His forehead squishes for a second while he thinks. Then he grabs my hand and drags me towards the house. "Let's play inside!"
Dante drags me back up the hill, through the back door of the mansion, and down the hall towards the guest suites. "I'll count again, but find somewhere good to hide," he orders, eyes narrowed. "Really good. Not a baby spot. Actually try hard."
I hold up my hands in surrender. "Fine. I'll give it my best shot."
He starts counting and I hurry down the hallway.
The only time I've been in this wing of the house is the day Dante and I moved in. I saw it briefly during the tour, but otherwise, there hasn't been much reason for me to venture over here.
I test a few doorknobs and find them locked. Then, as Dante's counting enters the forties, I find a door that opens. I duck inside and softly pull the door closed behind me.
It's a sitting room with connected bedrooms on either side. Leave it to Mikhail to have a guest suite in his house that is nicer than any hotel I've ever stayed in.
But what really catches my attention are the three bouquets of red roses gathered on the coffee table. There have to be six dozen roses here, at least. But why are they sitting in some unused room in the back of the house?
There's a ribbon wrapped around one of the vases, a small card attached to it with a little heart scrawled in the corner.
Just like the one I saw in Mikhail's office the first day after his takeover of Cerberus Industries.
The day I accused him of having a wife—only for me to become his wife the very next day.
Does he have some girlfriend on the side?
Do I care?
I made it part of our arrangement out of spite, mostly. I didn't think Mikhail would agree to marry me if I told him he had to be celibate.
Maybe that's why he agreed… because he isn't celibate.
All of these thoughts run through my head in a matter of seconds as I turn the card over and see the loopy writing on the other side.
One rose for every hour I thought of you today.
I drop the card like it's poisoned and count the roses in the vase. Twenty-four. One for every hour.
Aside from being nauseatingly corny, my stomach twists for a very different reason. Someone out there with neat penmanship and enough money for hundreds of dollars' worth of roses is thinking about Mikhail. She's leaving him cheesy notes and he's hoarding them away in a back room.
Does he like this?
Is he sweet with her?
Does he think of her, too?
Voices in the hallway just outside the door stop my spiral in its tracks.
"I'm looking for my mama," Dante says. "We're playing hide-and-seek."
"Don't let me get in your way," Stella tells him cheerfully. "I'm just dropping something off."
If the flowers are all the way back here, Mikhail clearly doesn't want me to see them. I'm not sure what he'll do if he finds out I know about his secret admirer. So I'd love for Stella not to see me looming over them like the jealous snoop I am.
Just as the door is opening, I dive into a tall, narrow wardrobe in the corner and close the door.

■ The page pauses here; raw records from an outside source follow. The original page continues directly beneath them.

lemma simple_cartan_offdiag_cases:
  fixes A :: "'i::finite \<Rightarrow> 'i \<Rightarrow> int"
  assumes sc: "simple_cartan A d" and ij: "i \<noteq> j"
  shows "(A i j = 0 \<and> A j i = 0) \<or> (A i j = -1 \<and> A j i = -1) \<or> (A i j = -1 \<and> A j i = -2)
     \<or> (A i j = -2 \<and> A j i = -1) \<or> (A i j = -1 \<and> A j i = -3) \<or> (A i j = -3 \<and> A j i = -1)"
proof -
  have prod: "A i j * A j i < 4" by (rule simple_cartan_offdiag_product_lt_4[OF sc ij])
  have sign: "A i j \<le> 0" "A j i \<le> 0" "A i j = 0 \<longleftrightarrow> A j i = 0"
    using sc ij unfolding simple_cartan_def by auto
  have "- a \<le> a * b" if "a \<le> 0" "b \<le> -1" for a b :: int
    using mult_left_mono_neg[OF that(2) that(1)] by simp
  hence "A i j \<ge> -3" "A j i \<ge> -3"
    using prod sign by (smt (verit) mult.commute)+
  hence "A i j \<in> {-3, -2, -1, 0}" "A j i \<in> {-3, -2, -1, 0}" using sign by auto
  thus ?thesis using prod sign by auto
qed

section \<open>Words in the Weyl group\<close>

lemma weyl_act_Nil [simp]: "weyl_act A [] = id"
  by (simp add: weyl_act_def)

lemma weyl_act_Cons [simp]: "weyl_act A (i # ws) = srefl A i \<circ> weyl_act A ws"
  by (simp add: weyl_act_def)

lemma weyl_act_append: "weyl_act A (xs @ ys) = weyl_act A xs \<circ> weyl_act A ys"
  by (induction xs) auto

Stella walks in and I can hear Dante plodding along behind her.
"Mama is hiding really hard," he explains. "She used to hide in easy places when I was a baby, but I'm big enough to find her now."

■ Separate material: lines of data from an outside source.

lemma A_set_contains_denominator:
  fixes a :: "nat \<Rightarrow> int"
  assumes a0: "a 0 = 0" and a1: "a 1 = 2" and ev: "\<forall>k\<ge>1. a (2*k) = 4"
    and od: "\<forall>k\<ge>1. a (2*k+1) > 0" and j: "j \<ge> 4"
  shows "nat (conv_den a (2 * j + 2)) \<in> A_set (exp (2 / cfrac_val a))"
proof -
  have pos: "\<forall>i\<ge>1. a i \<ge> 1" by (rule paper_sequence_pos[OF a1 ev od])
  define L where "L = cfrac_val a"
  define k where "k = 2 * j + 1"
  define q where "q = conv_den a (Suc k)"
  have even_entries: "\<forall>i. even (a (2 * i))"
  proof
    fix i :: nat show "even (a (2 * i))" using a0 ev[rule_format, of i] by (cases "i = 0") auto
  qed
  have "odd (conv_num a (Suc k))" using conv_num_parity[OF even_entries, of j] unfolding k_def by simp
  then obtain m where p: "conv_num a (Suc k) = 2 * m + 1" by (rule oddE)
  have q9: "9 \<le> q" using conv_den_ge_index[OF pos, of k] j unfolding q_def k_def by simp
  have L: "4/9 < L" "L < 1/2" unfolding L_def using paper_value_bounds[OF a0 a1 _ pos] ev by auto
  define \<delta> where "\<delta> = q * (cfrac_fin a k - L)"
  have "odd k" unfolding k_def by simp
  note err = odd_convergent_error[OF pos this, folded L_def]
  have \<delta>_pos: "0 < \<delta>" unfolding \<delta>_def using err(1) q9 by simp
  have "\<delta> < q * cf_gap a k" unfolding \<delta>_def using err(2) q9 by simp
  also have "\<dots> = 1 / conv_den a (Suc (Suc k))" unfolding cf_gap_def q_def[symmetric] using q9 by simp
  also have "\<dots> < 1 / (4 * q)"
  proof -
    have "a (Suc k) = 4" using ev[rule_format, of "Suc j"] unfolding k_def by simp
    then have "conv_den a (Suc (Suc k)) = 4 * q + conv_den a k"
      unfolding q_def by (simp add: conv_den.simps(3))
    moreover have "1 \<le> conv_den a k" using conv_den_pos(2)[OF pos, of "2 * j"] unfolding k_def by simp
    ultimately show ?thesis using q9 by (intro divide_strict_left_mono) auto
  qed
  finally have \<delta>_small: "\<delta> < 1 / (4 * q)" .
  have "cfrac_fin a k = (2 * m + 1) / q" using cfrac_fin_conv[OF pos, of k] p q_def by simp
  then have eq: "q * L = 2 * m + 1 - \<delta>" unfolding \<delta>_def using q9 by (simp add: field_simps)
  have "4 \<le> q * L" using mult_mono[of 9 "real_of_int q" "4/9" L] q9 L by simp
  moreover have "real (nat q) = q" using q9 by simp
  ultimately have "nat q \<in> A_set (exp (2 / L))"
    using A_set_memberI[of L "nat q" \<delta> m] L \<delta>_pos \<delta>_small eq by simp
  then show ?thesis unfolding L_def q_def k_def by simp
qed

Things shuffle around on the other side of the door. Blankets moving, Dante's footsteps heavy on the wood floor.
After no more than fifteen seconds of searching, Dante declares, "I don't see her."
Stella chuckles and the door clicks closed.
One bullet dodged.
Now, I just need to get out of this room before I discover Mikhail's secret stash of love letters from this woman wrapped up in her lingerie—oh my God, does that really exist? I don't want to know—and find a new place to hide.
First step: get the fuck out of this wardrobe.
The worry that I'd get caught by Stella overrode my claustrophobia for approximately thirty seconds, but now, my lungs are tight and panic is creeping in.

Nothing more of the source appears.